Across the records below, how many lines contain the string "notin"? Give the number by itself.

=== Begin Enclosure ===

lemma prop_equiv_subset_cong:
  assumes C: "is_cong Ops X \<psi>" and V: "in_var Ops (quot Ops X \<psi>)"
  shows "prop_equiv Ops X \<subseteq> \<psi>"
proof clarify
  fix s t assume "(s, t) \<in> prop_equiv Ops X"
  then have s: "s \<in> Terms Ops X" and t: "t \<in> Terms Ops X" and st: "\<And>v. teval v s = teval v t"
    by (auto simp: prop_equiv_def)
  let ?Q = "quot Ops X \<psi>"
  interpret BA_alg ?Q using V unfolding in_var_def by unfold_locales blast
  obtain ps where ps: "set ps = set_bf (prop_form s) \<union> set_bf (prop_form t)"
    using finite_list[of "set_bf (prop_form s) \<union> set_bf (prop_form t)"] bf.set_finite by blast
  have "atom_class Ops \<psi> q \<in> car ?Q" if "q \<in> set ps" for q
  proof -
    have "realizable Ops (fst q) \<and> snd q \<in> X"
      using that ps set_prop_form[OF s, of q] set_prop_form[OF t, of q] s t by (auto simp: Terms_def)
    then show ?thesis using word_of[of Ops "fst q"] by (simp add: atom_class_def quotientI op_word_Terms)
  qed
  then have "binterp ?Q (atom_class Ops \<psi>) (prop_form s) = binterp ?Q (atom_class Ops \<psi>) (prop_form t)"
    by (intro binterp_eq_if_beval_eq) (use ps st in \<open>auto simp: teval_prop_form\<close>)
  then have "\<psi>``{s} = \<psi>``{t}" using class_eq_binterp_prop_form[OF C V] s t by simp
  then show "(s, t) \<in> \<psi>"
    using eq_equiv_class[OF _ _ t] C by (auto simp: is_cong_def)
qed

lemma theta_eq_prop_equiv: "theta Ops X = prop_equiv Ops X"
proof
  show "theta Ops X \<subseteq> prop_equiv Ops X"
    unfolding theta_def using is_cong_prop_equiv in_var_quot_prop_equiv by blast
  have "prop_equiv Ops X \<subseteq> Terms Ops X \<times> Terms Ops X"
    by (auto simp: prop_equiv_def)
  then show "prop_equiv Ops X \<subseteq> theta Ops X"
    unfolding theta_def using prop_equiv_subset_cong[of Ops X] by blast
qed

lemma Fr_eq: "Fr Ops X = quot Ops X (prop_equiv Ops X)"
  by (simp add: Fr_def theta_eq_prop_equiv)

lemma frgen_eq: "frgen Ops X x = prop_equiv Ops X``{Var x}"
  by (simp add: frgen_def theta_eq_prop_equiv)

lemma Sg_Fr_obtain_term:
  assumes "y \<in> Sg (Fr Ops X) Ops (frgen Ops X ` Y)" and "Y \<subseteq> X"
  obtains s where "s \<in> Terms Ops X" "vars s \<subseteq> Y" "y = prop_equiv Ops X``{s}"
proof -
  let ?E = "prop_equiv Ops X"
  note ops = quot_ops[OF is_cong_prop_equiv]
  have "\<exists>s. s \<in> Terms Ops X \<and> vars s \<subseteq> Y \<and> y = ?E``{s}"
    using assms(1)[unfolded Fr_eq]
  proof (induct rule: Sg.induct)
    case (gen z)
    then obtain x where "x \<in> Y" "z = frgen Ops X x" by blast
    then show ?case using assms(2) by (intro exI[of _ "Var x"]) (auto simp: frgen_eq)
  next
    case zr
    show ?case by (intro exI[of _ Zr]) simp
  next
    case un
    show ?case by (intro exI[of _ Tp]) simp
  next
    case (cp y)
    then obtain s where "s \<in> Terms Ops X" "vars s \<subseteq> Y" "y = ?E``{s}" by blast
    then show ?case by (intro exI[of _ "Cp s"]) (simp add: ops)
  next
    case (jn y y')
    then obtain s s' where "s \<in> Terms Ops X" "vars s \<subseteq> Y" "y = ?E``{s}"
      "s' \<in> Terms Ops X" "vars s' \<subseteq> Y" "y' = ?E``{s'}" by blast
    then show ?case by (intro exI[of _ "Jn s s'"]) (simp add: ops)
  next
    case (mt y y')
    then obtain s s' where "s \<in> Terms Ops X" "vars s \<subseteq> Y" "y = ?E``{s}"
      "s' \<in> Terms Ops X" "vars s' \<subseteq> Y" "y' = ?E``{s'}" by blast
    then show ?case by (intro exI[of _ "Mt s s'"]) (simp add: ops)
  next
    case (op l y)
    then obtain s where "s \<in> Terms Ops X" "vars s \<subseteq> Y" "y = ?E``{s}" by blast
    then show ?case using op.hyps(1) by (intro exI[of _ "Op l s"]) (simp add: ops)
  qed
  then show ?thesis using that by blast
qed
lemma is_filter_adjoin:
  assumes "is_filter G" "x \<in> A"
  shows "is_filter {z \<in> A. \<exists>g\<in>G. le (mt g x) z}"
  unfolding is_filter_def
proof (intro conjI ballI impI)
  have GA: "G \<subseteq> A" using assms(1) by (simp add: is_filter_def)
  show "{z \<in> A. \<exists>g\<in>G. le (mt g x) z} \<subseteq> A" by blast
  fix a b assume "a \<in> {z \<in> A. \<exists>g\<in>G. le (mt g x) z}"
  then obtain g where a: "a \<in> A" and g: "g \<in> A" "g \<in> G" "le (mt g x) a" using GA by blast
  {
    assume "b \<in> A" "le a b"
    then show "b \<in> {z \<in> A. \<exists>g\<in>G. le (mt g x) z}"
      using g a le_trans[OF meet_closed[OF g(1) assms(2)]] by blast
  next
    assume "b \<in> {z \<in> A. \<exists>g\<in>G. le (mt g x) z}"
    then obtain h where b: "b \<in> A" and h: "h \<in> A" "h \<in> G" "le (mt h x) b" using GA by blast
    have gh: "mt g h \<in> A" "mt g h \<in> G" "mt (mt g h) x \<in> A"
      using g h assms by (auto simp: is_filter_def meet_closed)
    have "le (mt (mt g h) x) (mt g x)" "le (mt (mt g h) x) (mt h x)"
      using g h assms(2) gh by (auto intro: meet_mono_left meet_le1 meet_le2)
    then have "le (mt (mt g h) x) (mt a b)"
      using a b g h gh assms(2) by (meson le_meetI le_trans meet_closed)
    then show "mt a b \<in> {z \<in> A. \<exists>g\<in>G. le (mt g x) z}"
      using a b gh by (auto intro: meet_closed)
  }
qed

lemma maximal_filter_prime:
  assumes G: "is_filter G" "one L n \<in> G" "G \<inter> I = {}"
    and I: "is_ideal I" "zer L n \<in> I"
    and maximal: "\<And>H. is_filter H \<Longrightarrow> G \<subseteq> H \<Longrightarrow> H \<inter> I = {} \<Longrightarrow> H = G"
  shows "prime_filter L n G"
proof -
  have GA: "G \<subseteq> A" and meetG: "\<And>x y. x \<in> G \<Longrightarrow> y \<in> G \<Longrightarrow> mt x y \<in> G"
    using G(1) by (auto simp: is_filter_def)
  have downI: "\<And>x y. y \<in> I \<Longrightarrow> x \<in> A \<Longrightarrow> le x y \<Longrightarrow> x \<in> I"
    using I(1) by (auto simp: is_ideal_def)
  have outside: "\<exists>g\<in>G. mt g x \<in> I" if x: "x \<in> A" "x \<notin> G" for x
  proof -
    let ?H = "{z \<in> A. \<exists>g\<in>G. le (mt g x) z}"
    have "G \<subseteq> ?H" using GA x by (blast intro: meet_le1)
    moreover have "x \<in> ?H" using G(2) x by (blast intro: meet_le2 one_closed)
    ultimately have "?H \<inter> I \<noteq> {}" using maximal[OF is_filter_adjoin[OF G(1) x(1)]] x(2) by blast
    then obtain z g where "z \<in> I" "g \<in> G" "le (mt g x) z" by blast
    moreover have "mt g x \<in> A" using \<open>g \<in> G\<close> GA x(1) meet_closed by blast
    ultimately show ?thesis using downI by blast
  qed
  have "x \<in> G \<or> y \<in> G" if xy: "x \<in> A" "y \<in> A" "jn x y \<in> G" for x y
  proof (rule ccontr)
    assume "\<not> (x \<in> G \<or> y \<in> G)"
    then obtain g h where gh: "g \<in> G" "h \<in> G" "mt g x \<in> I" "mt h y \<in> I"
      using outside xy by blast
    define k where "k = mt g h"
    have k: "k \<in> A" "k \<in> G" and g: "g \<in> A" and h: "h \<in> A"
      using gh GA meetG by (auto simp: k_def meet_closed)
    have "le (mt k x) (mt g x)" "le (mt k y) (mt h y)"
      using g h xy unfolding k_def by (auto intro: meet_mono_left meet_le1 meet_le2 meet_closed)
    then have "mt k x \<in> I" "mt k y \<in> I"
      using downI gh(3,4) k(1) xy(1,2) meet_closed by blast+
    then have "mt k (jn x y) \<in> I"
      using I(1) by (simp add: is_ideal_def meet_join_distrib k xy)
    moreover have "mt k (jn x y) \<in> G" using meetG k xy by blast
    ultimately show False using G(3) by blast
  qed
  moreover have "G \<noteq> A" using G(3) I(2) zer_closed by blast
  ultimately show ?thesis
    using G(1,2) unfolding prime_filter_def is_filter_def by blast
qed

theorem prime_filter_theorem:
  assumes F: "is_filter F" "one L n \<in> F"
    and I: "is_ideal I" "zer L n \<in> I"
    and disjoint: "F \<inter> I = {}"
  shows "\<exists>G. prime_filter L n G \<and> F \<subseteq> G \<and> G \<inter> I = {}"
proof -
  define C where "C = {G. is_filter G \<and> F \<subseteq> G \<and> G \<inter> I = {}}"
  have "\<exists>G\<in>C. \<forall>H\<in>C. G \<subseteq> H \<longrightarrow> H = G"
  proof (rule subset_Zorn_nonempty)
    show "C \<noteq> {}" using F disjoint by (auto simp: C_def)
  next
    fix K assume K: "K \<noteq> {}" "subset.chain C K"
    then have "K \<subseteq> C" and chain: "\<forall>X\<in>K. \<forall>Y\<in>K. X \<subseteq> Y \<or> Y \<subseteq> X"
      unfolding subset.chain_def by blast+
    then have "\<forall>G\<in>K. is_filter G" "\<forall>G\<in>K. F \<subseteq> G" "\<forall>G\<in>K. G \<inter> I = {}"
      unfolding C_def by blast+
    then show "\<Union>K \<in> C"
      unfolding C_def using is_filter_Union_chain[OF _ chain] K(1) by blast
  qed
  then obtain G where "G \<in> C" and maximal: "\<forall>H\<in>C. G \<subseteq> H \<longrightarrow> H = G" by blast
  then have G: "is_filter G" "F \<subseteq> G" "G \<inter> I = {}" by (simp_all add: C_def)
  have "prime_filter L n G"
  proof (rule maximal_filter_prime[OF G(1) _ G(3) I])
    show "one L n \<in> G" using F(2) G(2) by blast
    show "H = G" if "is_filter H" "G \<subseteq> H" "H \<inter> I = {}" for H
      using maximal that G(2) by (simp add: C_def)
  qed
  with G show ?thesis by blast
qed

corollary prime_filter_separation:
  assumes "S \<subseteq> A" "T \<subseteq> A"
    and separated: "\<And>xs ys. set xs \<subseteq> S \<Longrightarrow> set ys \<subseteq> T \<Longrightarrow> \<not> le (bigmeet L n xs) (bigjoin L n ys)"
  shows "\<exists>G. prime_filter L n G \<and> S \<subseteq> G \<and> G \<inter> T = {}"
proof -
  have "filter_generated S \<inter> ideal_generated T = {}"
  proof (rule ccontr)
    assume "filter_generated S \<inter> ideal_generated T \<noteq> {}"
    then obtain z xs ys where z: "z \<in> A" "le (bigmeet L n xs) z" "le z (bigjoin L n ys)"
      and xs: "set xs \<subseteq> S" and ys: "set ys \<subseteq> T"
      by (auto simp: filter_generated_def ideal_generated_def)
    have "set xs \<subseteq> A" "set ys \<subseteq> A" using xs ys assms(1,2) by auto
    then have "le (bigmeet L n xs) (bigjoin L n ys)"
      using le_trans[OF bigmeet_closed z(1) bigjoin_closed z(2,3)] by blast
    with separated xs ys show False by blast
  qed
  moreover have "one L n \<in> filter_generated S" "zer L n \<in> ideal_generated T"
    by (auto simp: filter_generated_def ideal_generated_def bigmeet_def bigjoin_def
        one_closed zer_closed le_refl intro!: exI[of _ "[]"])
  ultimately obtain G where "prime_filter L n G" "filter_generated S \<subseteq> G" "G \<inter> ideal_generated T = {}"
    using prime_filter_theorem is_filter_filter_generated is_ideal_ideal_generated assms(1,2) by meson
  then show ?thesis
    using subset_filter_generated[OF assms(1)] subset_ideal_generated[OF assms(2)] by blast
qed

lemma prime_filter_one:
  assumes "prime_filter L n P" shows "one L n \<in> P"
  using assms le_one one_closed unfolding prime_filter_def by blast

lemma prime_filter_zer:
  assumes "prime_filter L n P" shows "zer L n \<notin> P"
  using assms zer_le unfolding prime_filter_def by blast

=== End Enclosure ===

* Answer space *
2